Living in Jakarta as a kid and a young adult are two very different things. For a know-nothing-better kid, I was quite a busy one. Spending almost every evening thinking about how to extend my curfew, my seemingly important goal was to take a part in another round of hide-and-seek games with my friends in the park. It’s actually pretty funny to reflect on how discovering a secret hole behind the bushes was all that mattered back then.

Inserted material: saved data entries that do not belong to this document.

(* Let $\mathbf{O}\,\dot\cup\,\mathbf{S}$ be a finite set of categorical variables, $\mathcal{G}$ a DAG over $\mathbf{O}\cup\mathbf{S}$, $\hat{\mathbf{s}}$ a fixed value of $\mathbf{S}$, and $\mathcal{G}'$ the subgraph of $\mathcal{G}$ obtained by removing all edges out of nodes in $\mathbf{S}$. Then $\mathbf{BN}(\mathcal{G}')[^{\mathbf{S}=\hat{\mathbf{s}}}=\mathbf{BN}(\mathcal{G})[^{\mathbf{S}=\hat{\mathbf{s}}}$.
   Context: $\mathbf{BN}(\mathcal{G})$ is the set of distributions $P$ over the nodes of DAG $\mathcal{G}$ satisfying the Markov condition: each variable is independent of its non-descendants that are not parents, given its parents (equivalently, $p(\mathbf{x})=\prod_X p(x\mid \mathrm{pa}_{\mathcal{G}}(X))$). For a model $\mathbf{M}$ over $\mathbf{O}\cup\mathbf{S}$, $\mathbf{M}[^{\mathbf{S}=\hat{\mathbf{s}}}$ (selection) is the set of distributions $Q$ over $\mathbf{O}$ such that there is $P\in\mathbf{M}$ with $p(\hat{\mathbf{s}})>0$ and $q(\mathbf{o})=p(\mathbf{o}\mid\hat{\mathbf{s}})$ for all $\mathbf{o}$. *)

theory Defs
  imports Complex_Main "HOL-Library.FuncSet"
begin

text \<open>Variables have type 'v; every variable X has a finite nonempty set of
categories D X (values of type 'a). A joint assignment to a variable set V is
an element of PiE V D.\<close>

definition is_dist :: "'v set \<Rightarrow> ('v \<Rightarrow> 'a set) \<Rightarrow> (('v \<Rightarrow> 'a) \<Rightarrow> real) \<Rightarrow> bool" where
  "is_dist V D P \<longleftrightarrow> (\<forall>x. P x \<ge> 0) \<and> (\<forall>x. x \<notin> PiE V D \<longrightarrow> P x = 0)
     \<and> sum P (PiE V D) = 1"

text \<open>Marginal probability p(x_A) of the values that x assigns to A.\<close>
definition marg :: "'v set \<Rightarrow> ('v \<Rightarrow> 'a set) \<Rightarrow> (('v \<Rightarrow> 'a) \<Rightarrow> real) \<Rightarrow> 'v set \<Rightarrow> ('v \<Rightarrow> 'a) \<Rightarrow> real" where
  "marg V D P A x = sum P {y \<in> PiE V D. \<forall>a\<in>A. y a = x a}"

definition parents :: "('v \<times> 'v) set \<Rightarrow> 'v \<Rightarrow> 'v set" where
  "parents E X = {Y. (Y, X) \<in> E}"

definition is_DAG :: "'v set \<Rightarrow> ('v \<times> 'v) set \<Rightarrow> bool" where
  "is_DAG V E \<longleftrightarrow> E \<subseteq> V \<times> V \<and> acyclic E"

text \<open>BN(G): distributions with p(x) = prod_X p(x_X | x_pa(X)), where the
conditional is the ratio of marginals (if p(x_pa(X)) = 0 the factor is 0,
and so is p(x)).\<close>
definition BN :: "'v set \<Rightarrow> ('v \<Rightarrow> 'a set) \<Rightarrow> ('v \<times> 'v) set \<Rightarrow> (('v \<Rightarrow> 'a) \<Rightarrow> real) set" where
  "BN V D E = {P. is_dist V D P \<and>
     (\<forall>x\<in>PiE V D. P x = (\<Prod>X\<in>V. marg V D P (insert X (parents E X)) x / marg V D P (parents E X) x))}"

definition merge :: "'v set \<Rightarrow> ('v \<Rightarrow> 'a) \<Rightarrow> ('v \<Rightarrow> 'a) \<Rightarrow> ('v \<Rightarrow> 'a)" where
  "merge Ov a s = (\<lambda>X. if X \<in> Ov then a X else s X)"

text \<open>Selection M[^{S = shat}: distributions Q over O with q(o) = p(o | shat).\<close>
definition selection :: "'v set \<Rightarrow> 'v set \<Rightarrow> ('v \<Rightarrow> 'a set) \<Rightarrow> (('v \<Rightarrow> 'a) \<Rightarrow> real) set
     \<Rightarrow> ('v \<Rightarrow> 'a) \<Rightarrow> (('v \<Rightarrow> 'a) \<Rightarrow> real) set" where
  "selection Ov Sv D M shat = {Q. \<exists>P\<in>M. marg (Ov \<union> Sv) D P Sv shat > 0 \<and>
     (\<forall>a. Q a = (if a \<in> PiE Ov D then P (merge Ov a shat) / marg (Ov \<union> Sv) D P Sv shat else 0))}"

end

theory Submission
  imports Defs
begin

text \<open>
Every member of BN(G) is the product of conditional probability tables k X, where k X reads only
X and its parents; conversely every such product lies in BN(G), because in a product the conditional
of X given its parents is exactly k X (sum out the non-ancestral variables from the sinks upward).
Removing the edges out of S keeps a table family valid, so BN(G') \<subseteq> BN(G). Conversely, given
tables for G, freeze the S-inputs of every table at shat: the new tables are valid for G'
and their product agrees with the old one wherever S = shat, which is all that the selection sees.
\<close>

definition depends_only_on :: "'v set \<Rightarrow> (('v \<Rightarrow> 'a) \<Rightarrow> 'b) \<Rightarrow> bool" where
  "depends_only_on B f \<longleftrightarrow> (\<forall>x y. (\<forall>v\<in>B. x v = y v) \<longrightarrow> f x = f y)"

definition cpt_family :: "'v set \<Rightarrow> ('v \<Rightarrow> 'a set) \<Rightarrow> ('v \<times> 'v) set
    \<Rightarrow> ('v \<Rightarrow> ('v \<Rightarrow> 'a) \<Rightarrow> real) \<Rightarrow> bool" where
  "cpt_family V D E k \<longleftrightarrow> (\<forall>X\<in>V. (\<forall>x. k X x \<ge> 0) \<and> depends_only_on (insert X (parents E X)) (k X)
      \<and> (\<forall>x. (\<Sum>d\<in>D X. k X (x(X := d))) = 1))"

definition bn_product :: "'v set \<Rightarrow> ('v \<Rightarrow> 'a set) \<Rightarrow> ('v \<Rightarrow> ('v \<Rightarrow> 'a) \<Rightarrow> real) \<Rightarrow> ('v \<Rightarrow> 'a) \<Rightarrow> real" where
  "bn_product V D k x = (if x \<in> PiE V D then (\<Prod>X\<in>V. k X x) else 0)"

Several years have passed since then. As a striving-for-the-future young adult, I’m starting to grasp the concept of how the world actually works. For some of us, life turns out to be a series of routine we know better than our own palm lines. “What is life without some impromptu things to enjoy?” I often say. But then, I still wake up at 6 every day, do my morning walk before heading off to work, deal with the city’s constant traffic alongside hundred of other metropolitans, and with that goes the scraps of my energy to do anything else at night. I'm left with no other choice but to go home and sleep.
So, here is my question: are we still the same person without the routine that shapes us daily? Without putting Taylor Swift’s songs on shuffle as I make myself presentable, the short stroll around the nearest mini-market to resolve which bread to buy for breakfast, the beam of sunlight creating a shadow in the shape of me one step behind, or the dilemma of what to order for lunch even when it’s still as early as 10 o’clock, my life will surely be less organized. It may sound a bit far-fetched but I feel like I can no longer picture myself sustaining a week without a routine to hold on to.

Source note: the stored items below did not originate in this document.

(* Let $X=(X_1,\dots,X_p)$ be generated by a QVF-DAG model with DAG $\mathcal G=(\mathcal V,\mathcal E)$, and assume Condition 1 holds. Fix a node $j\in\mathcal V$ with $\beta_{j2}>-1$. Then for every set $\mathcal S\subseteq \mathrm{nd}_j$, $$E\big[\mathrm{Var}(\omega_j(\mathcal S)X_j\mid X_{\mathcal S})\big]\;\ge\; E\big[\omega_j(\mathcal S)X_j\big],$$ and equality holds if and only if $\mathrm{pa}_j\subseteq\mathcal S$.
   Context: A DAG $\mathcal G=(\mathcal V,\mathcal E)$ on $\mathcal V=\{1,\dots,p\}$; $\mathrm{pa}_j$ is the set of parents of node $j$, and $\mathrm{nd}_j$ is the set of non-descendants of $j$ excluding $j$ itself. For $\mathcal S\subseteq\mathcal V$, $X_{\mathcal S}=(X_k)_{k\in\mathcal S}$ (with $X_\emptyset$ trivial, so conditioning on it is unconditional). The joint law of $X$ is Markov with respect to $\mathcal G$, i.e. $P(X)=\prod_{j\in\mathcal V}P(X_j\mid X_{\mathrm{pa}_j})$. QVF property: for each $j$ there are constants $\beta_{j1},\beta_{j2}$ with $\mathrm{Var}(X_j\mid X_{\mathrm{pa}_j})=\beta_{j1}E[X_j\mid X_{\mathrm{pa}_j}]+\beta_{j2}\big(E[X_j\mid X_{\mathrm{pa}_j}]\big)^2$. All moments appearing are assumed finite. For $\mathcal S\subseteq\mathrm{nd}_j$ define $\omega_j(\mathcal S)=\big(\beta_{j1}+\beta_{j2}E[X_j\mid X_{\mathcal S}]\big)^{-1}$. Condition 1: for every node $j$ and every $\mathcal S\subseteq\mathrm{nd}_j$, $\beta_{j1}+\beta_{j2}E[X_j\mid X_{\mathcal S}]\neq 0$ almost surely (so $\omega_j(\mathcal S)$ is well defined), and whenever $\mathrm{pa}_j\not\subseteq\mathcal S\subseteq\mathrm{nd}_j$, one has $E\big[\omega_j^2(\mathcal S)\,\mathrm{Var}\big(E[X_j\mid X_{\mathrm{pa}_j}]\mid X_{\mathcal S}\big)\big]>0$. *)

theory Defs
  imports "HOL-Probability.Probability"
begin

definition parents :: "(nat \<times> nat) set \<Rightarrow> nat \<Rightarrow> nat set" where
  "parents E j = {i. (i, j) \<in> E}"

definition descendants :: "(nat \<times> nat) set \<Rightarrow> nat \<Rightarrow> nat set" where
  "descendants E j = {k. (j, k) \<in> E\<^sup>+}"

definition nondesc :: "nat set \<Rightarrow> (nat \<times> nat) set \<Rightarrow> nat \<Rightarrow> nat set" where
  "nondesc V E j = V - descendants E j - {j}"

definition is_dag :: "nat set \<Rightarrow> (nat \<times> nat) set \<Rightarrow> bool" where
  "is_dag V E \<longleftrightarrow> finite V \<and> E \<subseteq> V \<times> V \<and> acyclic E"

text \<open>The sigma-algebra generated by X_S = (X_k)_{k in S}; for S = {} it is the
  trivial sigma-algebra {{}, space M}.\<close>
definition gen_sigma :: "'a measure \<Rightarrow> (nat \<Rightarrow> 'a \<Rightarrow> real) \<Rightarrow> nat set \<Rightarrow> 'a measure" where
  "gen_sigma M X S = sigma (space M) {X k -` B \<inter> space M | k B. k \<in> S \<and> B \<in> sets borel}"

definition cexp :: "'a measure \<Rightarrow> (nat \<Rightarrow> 'a \<Rightarrow> real) \<Rightarrow> nat set \<Rightarrow> ('a \<Rightarrow> real) \<Rightarrow> 'a \<Rightarrow> real" where
  "cexp M X S Y = real_cond_exp M (gen_sigma M X S) Y"

definition cvar :: "'a measure \<Rightarrow> (nat \<Rightarrow> 'a \<Rightarrow> real) \<Rightarrow> nat set \<Rightarrow> ('a \<Rightarrow> real) \<Rightarrow> 'a \<Rightarrow> real" where
  "cvar M X S Y = (\<lambda>x. cexp M X S (\<lambda>w. (Y w)\<^sup>2) x - (cexp M X S Y x)\<^sup>2)"

text \<open>Markov property w.r.t. the DAG (directed local Markov property, equivalent to
  the factorization P(X) = prod_j P(X_j | X_pa_j)): the conditional law of X_j given
  X_{nd_j} coincides a.s. with its conditional law given X_{pa_j}.\<close>
definition dag_markov :: "'a measure \<Rightarrow> nat set \<Rightarrow> (nat \<times> nat) set \<Rightarrow> (nat \<Rightarrow> 'a \<Rightarrow> real) \<Rightarrow> bool" where
  "dag_markov M V E X \<longleftrightarrow>
     (\<forall>j\<in>V. \<forall>B\<in>sets borel.
        AE x in M. cexp M X (nondesc V E j) (\<lambda>w. indicator B (X j w)) x
                 = cexp M X (parents E j) (\<lambda>w. indicator B (X j w)) x)"

definition qvf :: "'a measure \<Rightarrow> nat set \<Rightarrow> (nat \<times> nat) set \<Rightarrow> (nat \<Rightarrow> 'a \<Rightarrow> real)
                    \<Rightarrow> (nat \<Rightarrow> real) \<Rightarrow> (nat \<Rightarrow> real) \<Rightarrow> bool" where
  "qvf M V E X b1 b2 \<longleftrightarrow>
     (\<forall>j\<in>V. AE x in M. cvar M X (parents E j) (X j) x
        = b1 j * cexp M X (parents E j) (X j) x + b2 j * (cexp M X (parents E j) (X j) x)\<^sup>2)"

definition omega :: "'a measure \<Rightarrow> (nat \<Rightarrow> 'a \<Rightarrow> real) \<Rightarrow> (nat \<Rightarrow> real) \<Rightarrow> (nat \<Rightarrow> real)
                      \<Rightarrow> nat \<Rightarrow> nat set \<Rightarrow> 'a \<Rightarrow> real" where
  "omega M X b1 b2 j S = (\<lambda>x. 1 / (b1 j + b2 j * cexp M X S (X j) x))"
lemma short_apex_shifted:
  assumes "odd ((b - a) mod u)" "(b - a) mod u < 2 * K + 1"
  shows "short_apex a b ((a - (2 * K + 1 - (b - a) mod u) div 2) mod u)"
proof -
  define i where "i = (2 * K + 1 - (b - a) mod u) div 2"
  have i: "2 * i = 2 * K + 1 - (b - a) mod u"
    using assms(1) unfolding i_def by auto
  then have "0 < i"
    using assms(2) by linarith
  moreover have "0 < (b - a) mod u"
    using assms(1) u_pos by (metis even_zero order_le_less pos_mod_sign)
  ultimately show ?thesis
    using i mod_offsets_from_shifted[of i "(b - a) mod u" u b a] u_pos u_large
    unfolding short_apex_def i_def [symmetric] by auto
qed

lemma apex_cases:
  assumes "0 \<le> x" "x < y" "y < v"
  obtains (short) "y < u" "short_apex x y (apex x y)"
    | (infinite) "y = u" "v = u + 1" "apex x y = (x + u div 2) mod u"
    | (fresh) c where "y < u" "c \<in> fresh_diffs" "apex x y = v + c"
      "(y - x) mod u = c \<or> (x - y) mod u = c"
proof -
  have y: "y < u" if "y \<noteq> u"
    using that assms(3) v_le_Suc_u by simp
  consider "y = u"
    | "y \<noteq> u" "odd (y - x) \<and> y - x < 2 * K + 1"
    | "y \<noteq> u" "\<not> (odd (y - x) \<and> y - x < 2 * K + 1)" "odd (u - (y - x)) \<and> u - (y - x) < 2 * K + 1"
    | "y \<noteq> u" "\<not> (odd (y - x) \<and> y - x < 2 * K + 1)" "\<not> (odd (u - (y - x)) \<and> u - (y - x) < 2 * K + 1)"
    by blast
  then show thesis
  proof cases
    case 1
    show thesis
    proof (rule infinite)
      show "v = u + 1"
        using 1 assms v_cases by auto
    qed (use 1 in \<open>simp_all add: apex_def\<close>)
  next
    case 2
    then have "(y - x) mod u = y - x"
      using assms y by simp
    then have "short_apex x y (apex x y)"
      using 2 short_apex_shifted[of y x] by (simp add: apex_def)
    then show thesis
      using short y 2 by blast
  next
    case 3
    have "(x - y) mod u = u - (y - x)"
      using assms(1,2) y[OF 3(1)] by (rule mod_diff_of_less)
    moreover have "apex x y = (y - (2 * K + 1 - (u - (y - x))) div 2) mod u"
      unfolding apex_def by (simp only: if_not_P[OF 3(1)] if_not_P[OF 3(2)] if_P[OF 3(3)])
    ultimately have "short_apex x y (apex x y)"
      using 3 short_apex_shifted[of x y] short_apex_commute by simp
    then show thesis
      using short y 3 by blast
  next
    case 4
    define c where "c = min (y - x) (u - (y - x))"
    have "c \<in> fresh_diffs"
      using 4 assms y by (intro fresh_diffsI) (auto simp: c_def min_def)
    moreover have "(y - x) mod u = c \<or> (x - y) mod u = c"
      using 4 assms y mod_diff_of_less[of x y u] by (auto simp: c_def min_def)
    moreover have "apex x y = v + c"
      unfolding apex_def c_def by (simp only: if_not_P[OF 4(1)] if_not_P[OF 4(2)] if_not_P[OF 4(3)])
    ultimately show thesis
      using fresh y 4 by blast
  qed
qed
(* Let $n\ge1$, let $C$ be a finite set of points in convex position, and let the edges of $K_C$ be $2$-coloured. Suppose there are disjoint sets $L,R\subset C$ with $|L|=|R|=2n^2$ such that $L$ and $R$ can be separated by a line and all edges between $L$ and $R$ have the same colour. Then the colouring contains a monochromatic non-crossing copy of $L_{2n}$.
   Context: For a finite point set $C\subset\mathbb{R}^2$ in convex position (vertex set of a convex polygon), $K_C$ is the complete graph on $C$ with edges drawn as straight segments. A monochromatic non-crossing copy of a graph $G$ is an injective map $\phi:V(G)\to C$ such that all segments $\phi(x)\phi(y)$, $xy\in E(G)$, have the same colour and no two of them share a point other than a common endpoint. The ladder graph $L_{2n}$ consists of two paths $u_1\cdots u_n$ and $v_1\cdots v_n$ plus the edges $u_iv_i$, $i\in[n]$. *)

theory Defs
  imports "HOL-Analysis.Analysis"
begin

type_synonym pt = "real \<times> real"

definition convex_position :: "pt set \<Rightarrow> bool" where
  "convex_position C \<longleftrightarrow> (\<forall>p\<in>C. p \<notin> convex hull (C - {p}))"

text \<open>Ladder graph L_{2n}: vertex (False,i) is u_i, vertex (True,i) is v_i, i in [n].\<close>
definition ladder_V :: "nat \<Rightarrow> (bool \<times> nat) set" where
  "ladder_V n = UNIV \<times> {1..n}"

definition ladder_E :: "nat \<Rightarrow> (bool \<times> nat) set set" where
  "ladder_E n = {{(b, i), (b, Suc i)} | b i. 1 \<le> i \<and> i < n}
              \<union> {{(False, i), (True, i)} | i. 1 \<le> i \<and> i \<le> n}"

text \<open>A colouring of K_C assigns a colour to each edge, i.e. to each 2-subset {p,q}
of C.\<close>
definition mono_noncrossing_copy ::
  "(pt set \<Rightarrow> 'c) \<Rightarrow> pt set \<Rightarrow> 'v set \<Rightarrow> 'v set set \<Rightarrow> ('v \<Rightarrow> pt) \<Rightarrow> bool" where
  "mono_noncrossing_copy col C V E \<phi> \<longleftrightarrow>
     inj_on \<phi> V \<and> \<phi> ` V \<subseteq> C \<and>
     (\<exists>c. \<forall>e\<in>E. col (\<phi> ` e) = c) \<and>
     (\<forall>e\<in>E. \<forall>f\<in>E. e \<noteq> f \<longrightarrow>
        convex hull (\<phi> ` e) \<inter> convex hull (\<phi> ` f) \<subseteq> \<phi> ` (e \<inter> f))"

end

theory Submission
  imports Defs
begin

It’s not until I felt a little unwell yesterday that my mind started to wander around this issue. The idea of taking a day off and doing nothing in the small room that me and my sister rented seemed like a brake that made me instantly feel better. Without the routine to keep my pace steady, I wasn’t sure what the world had to offer suddenly. This totally juxtaposes how I was as a kid. The only obligation I had to comply with was an afternoon nap (which might sound so heavenly now but long ago it was not). Having a sacred time for a few-hours siesta was the reason why I used to despise it with a passion. Dammit.
Some pictures I took on my morning stroll
I’m not sure what is it about having a routine that is so comforting now. Knowing with confidence where to stride probably? Or the familiar feeling with your surrounding: the soft morning sunlight and hanging tropical leaves through the length of your path to the office? It is a pleasure to get recognized just by your footsteps like having it known as a part of your tag—maybe the same charm is what we're searching for in a routine: to know and be known as a certain part of something in this big universe.
Or in my case, in a big city called Jakarta.
Ah, the city of routine. The city of possibilities. Maybe one day I’ll flood this blog with something more to your taste: a backpacking journey or some traveling experiences. But for now, Jakarta is all I have. My alone time treading the pavement I have carefully memorized makes me realize something: I want to make the best out of it. The impulse to capture the simplest moment surfaces as I now know where precisely the most riveting story takes place. There may be something immutable about having a routine that makes it feel almost boring, but I believe there are some beauty in it if you know just where to look.